▶ Exercise brief
Tell how many lines in the following entries include the word "inversions", giving the figure alone.

▶ Saved entries
● ● ● ● ●
definition planar_circular_net_M :: "(nat \<Rightarrow> int \<Rightarrow> real^5) \<Rightarrow> (nat \<Rightarrow> real^5) \<Rightarrow> bool" where
  "planar_circular_net_M g m \<longleftrightarrow>
     (\<forall>j. planar_curve (g j)) \<and> (\<forall>j. ribaucour_pair_type (m j) (g j) (g (Suc j)))"

definition iota :: "real^5 \<Rightarrow> real^6" where
  "iota x = vector [x$1, x$2, 0, x$3, x$4, x$5]"

definition pp6 :: "real^6" where "pp6 = iota pp"
definition q06 :: "real^6" where "q06 = iota q0"

definition represents_xy_plane :: "real^6 \<Rightarrow> bool" where
  "represents_xy_plane m1 \<longleftrightarrow>
     (\<exists>c. c \<noteq> 0 \<and> (m1 = c *\<^sub>R vector [0,0,1,0,0,1] \<or> m1 = c *\<^sub>R vector [0,0,1,0,0,-1]))"

definition fold_complex :: "real^6 \<Rightarrow> real^6 \<Rightarrow> real \<Rightarrow> real^6" where
  "fold_complex a b l = (a + l *\<^sub>R b) + lor42 (a + l *\<^sub>R b) pp6 *\<^sub>R pp6"

text \<open>Composed M-inversions of a lifted-folding with parameters lam j; at step j the plane
  and iota (m j) are transported by the previously applied inversions.\<close>
fun fold_map :: "real^6 \<Rightarrow> (nat \<Rightarrow> real^5) \<Rightarrow> (nat \<Rightarrow> real) \<Rightarrow> nat \<Rightarrow> real^6 \<Rightarrow> real^6" where
  "fold_map m1 m lam 0 = id"
| "fold_map m1 m lam (Suc j) =
     inv42 (fold_complex (fold_map m1 m lam j m1) (fold_map m1 m lam j (iota (m j))) (lam j))
     \<circ> fold_map m1 m lam j"

definition fold_vec :: "real^6 \<Rightarrow> (nat \<Rightarrow> real^5) \<Rightarrow> (nat \<Rightarrow> real) \<Rightarrow> nat \<Rightarrow> real^6" where
  "fold_vec m1 m lam j =
     fold_complex (fold_map m1 m lam j m1) (fold_map m1 m lam j (iota (m j))) (lam j)"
● ● ● ● ●
▶ Written response
2